# [What needs to be done]
Locate each line in the records containing "determinant". Copy it.

# [Input]
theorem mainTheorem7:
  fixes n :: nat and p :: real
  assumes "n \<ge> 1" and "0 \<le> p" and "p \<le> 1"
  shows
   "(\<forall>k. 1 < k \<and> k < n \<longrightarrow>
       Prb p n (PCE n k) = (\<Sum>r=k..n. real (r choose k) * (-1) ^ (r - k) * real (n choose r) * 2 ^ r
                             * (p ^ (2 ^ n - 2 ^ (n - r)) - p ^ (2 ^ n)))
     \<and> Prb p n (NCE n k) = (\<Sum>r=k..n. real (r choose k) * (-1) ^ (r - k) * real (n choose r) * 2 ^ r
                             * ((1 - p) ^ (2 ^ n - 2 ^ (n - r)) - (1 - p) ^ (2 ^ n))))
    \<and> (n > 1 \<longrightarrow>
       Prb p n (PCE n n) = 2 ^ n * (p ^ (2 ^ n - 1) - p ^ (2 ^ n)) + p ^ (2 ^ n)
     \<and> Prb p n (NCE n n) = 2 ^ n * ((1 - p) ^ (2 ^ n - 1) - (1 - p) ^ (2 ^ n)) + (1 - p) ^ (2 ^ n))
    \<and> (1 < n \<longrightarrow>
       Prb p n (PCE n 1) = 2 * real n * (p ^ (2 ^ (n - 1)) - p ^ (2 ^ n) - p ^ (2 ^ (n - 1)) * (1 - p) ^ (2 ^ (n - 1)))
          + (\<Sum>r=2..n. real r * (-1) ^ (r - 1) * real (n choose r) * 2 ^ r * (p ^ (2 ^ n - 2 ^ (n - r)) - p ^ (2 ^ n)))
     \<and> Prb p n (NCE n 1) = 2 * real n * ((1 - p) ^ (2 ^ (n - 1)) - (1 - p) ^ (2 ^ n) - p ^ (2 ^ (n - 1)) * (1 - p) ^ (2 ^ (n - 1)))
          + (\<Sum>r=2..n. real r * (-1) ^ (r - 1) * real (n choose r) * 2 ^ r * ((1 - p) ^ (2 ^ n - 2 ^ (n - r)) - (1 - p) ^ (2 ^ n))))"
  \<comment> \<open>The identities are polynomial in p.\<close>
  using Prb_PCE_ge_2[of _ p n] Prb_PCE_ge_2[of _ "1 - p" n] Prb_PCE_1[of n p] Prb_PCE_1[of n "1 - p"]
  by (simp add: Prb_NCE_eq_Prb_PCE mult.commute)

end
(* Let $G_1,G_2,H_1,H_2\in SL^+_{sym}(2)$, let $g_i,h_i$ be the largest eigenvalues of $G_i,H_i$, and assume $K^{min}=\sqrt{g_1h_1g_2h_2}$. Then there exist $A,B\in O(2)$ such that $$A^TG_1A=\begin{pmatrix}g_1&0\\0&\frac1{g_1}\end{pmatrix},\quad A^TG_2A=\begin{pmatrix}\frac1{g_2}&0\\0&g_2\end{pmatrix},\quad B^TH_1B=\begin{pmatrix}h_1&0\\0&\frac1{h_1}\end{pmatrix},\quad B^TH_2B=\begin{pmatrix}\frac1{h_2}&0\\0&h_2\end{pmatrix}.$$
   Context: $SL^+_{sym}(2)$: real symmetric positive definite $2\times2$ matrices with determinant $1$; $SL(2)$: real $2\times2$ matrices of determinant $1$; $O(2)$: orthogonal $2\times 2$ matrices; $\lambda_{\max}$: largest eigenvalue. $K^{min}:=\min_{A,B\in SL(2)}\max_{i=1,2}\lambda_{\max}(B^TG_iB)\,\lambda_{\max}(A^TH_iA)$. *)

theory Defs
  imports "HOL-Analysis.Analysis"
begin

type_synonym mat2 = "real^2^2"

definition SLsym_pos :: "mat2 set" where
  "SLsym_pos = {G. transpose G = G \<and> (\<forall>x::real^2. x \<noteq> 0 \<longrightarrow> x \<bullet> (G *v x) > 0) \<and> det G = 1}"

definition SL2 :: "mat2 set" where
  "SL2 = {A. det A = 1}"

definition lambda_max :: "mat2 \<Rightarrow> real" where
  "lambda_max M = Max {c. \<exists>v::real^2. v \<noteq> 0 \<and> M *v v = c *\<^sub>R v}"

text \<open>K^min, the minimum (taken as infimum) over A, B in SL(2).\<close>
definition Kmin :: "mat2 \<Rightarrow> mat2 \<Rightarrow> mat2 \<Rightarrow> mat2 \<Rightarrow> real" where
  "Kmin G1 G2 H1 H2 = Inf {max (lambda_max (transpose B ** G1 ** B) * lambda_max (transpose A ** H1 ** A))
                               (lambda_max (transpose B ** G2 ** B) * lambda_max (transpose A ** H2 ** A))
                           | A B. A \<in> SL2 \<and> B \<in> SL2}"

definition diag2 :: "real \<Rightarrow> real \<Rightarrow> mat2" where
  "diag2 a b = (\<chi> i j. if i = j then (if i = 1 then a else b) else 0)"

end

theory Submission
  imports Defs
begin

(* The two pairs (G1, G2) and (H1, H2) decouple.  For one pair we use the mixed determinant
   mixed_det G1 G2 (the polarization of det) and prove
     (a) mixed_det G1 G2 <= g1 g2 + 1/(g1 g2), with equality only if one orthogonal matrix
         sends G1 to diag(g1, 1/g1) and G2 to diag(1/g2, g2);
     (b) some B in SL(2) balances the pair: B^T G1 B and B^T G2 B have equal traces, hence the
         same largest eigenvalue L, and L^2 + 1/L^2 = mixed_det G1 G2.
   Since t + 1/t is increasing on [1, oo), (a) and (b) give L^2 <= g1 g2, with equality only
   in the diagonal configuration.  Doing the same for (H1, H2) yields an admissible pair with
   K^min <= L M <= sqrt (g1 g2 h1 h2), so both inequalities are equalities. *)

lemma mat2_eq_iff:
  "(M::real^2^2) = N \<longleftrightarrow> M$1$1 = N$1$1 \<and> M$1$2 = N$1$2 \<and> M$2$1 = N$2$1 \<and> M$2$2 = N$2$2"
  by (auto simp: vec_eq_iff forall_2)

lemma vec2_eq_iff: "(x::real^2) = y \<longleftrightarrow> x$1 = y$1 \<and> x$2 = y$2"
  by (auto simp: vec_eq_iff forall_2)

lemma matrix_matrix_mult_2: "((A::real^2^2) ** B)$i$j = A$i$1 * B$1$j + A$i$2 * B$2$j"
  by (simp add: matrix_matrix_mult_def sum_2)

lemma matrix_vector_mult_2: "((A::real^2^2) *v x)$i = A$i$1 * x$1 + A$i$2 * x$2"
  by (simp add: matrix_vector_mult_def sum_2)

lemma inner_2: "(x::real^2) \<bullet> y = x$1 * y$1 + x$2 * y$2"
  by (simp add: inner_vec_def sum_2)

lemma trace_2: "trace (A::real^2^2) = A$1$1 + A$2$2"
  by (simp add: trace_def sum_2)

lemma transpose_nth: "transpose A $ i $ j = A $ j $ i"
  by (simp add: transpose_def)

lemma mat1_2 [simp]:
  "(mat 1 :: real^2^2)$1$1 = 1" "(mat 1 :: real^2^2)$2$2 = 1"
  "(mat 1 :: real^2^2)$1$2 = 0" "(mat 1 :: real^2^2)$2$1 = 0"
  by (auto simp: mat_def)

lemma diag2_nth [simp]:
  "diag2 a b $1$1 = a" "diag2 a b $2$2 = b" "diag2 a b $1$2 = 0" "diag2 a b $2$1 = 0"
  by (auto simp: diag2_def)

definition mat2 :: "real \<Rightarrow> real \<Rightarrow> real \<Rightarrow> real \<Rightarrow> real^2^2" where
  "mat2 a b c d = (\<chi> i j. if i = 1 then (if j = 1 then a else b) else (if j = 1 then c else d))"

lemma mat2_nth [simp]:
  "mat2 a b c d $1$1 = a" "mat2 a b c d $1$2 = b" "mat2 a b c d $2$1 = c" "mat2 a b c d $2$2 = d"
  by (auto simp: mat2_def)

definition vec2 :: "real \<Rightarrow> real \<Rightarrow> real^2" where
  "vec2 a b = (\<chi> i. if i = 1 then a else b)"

# [Completed exercise]
   Context: $SL^+_{sym}(2)$: real symmetric positive definite $2\times2$ matrices with determinant $1$; $SL(2)$: real $2\times2$ matrices of determinant $1$; $O(2)$: orthogonal $2\times 2$ matrices; $\lambda_{\max}$: largest eigenvalue. $K^{min}:=\min_{A,B\in SL(2)}\max_{i=1,2}\lambda_{\max}(B^TG_iB)\,\lambda_{\max}(A^TH_iA)$. *)
(* The two pairs (G1, G2) and (H1, H2) decouple.  For one pair we use the mixed determinant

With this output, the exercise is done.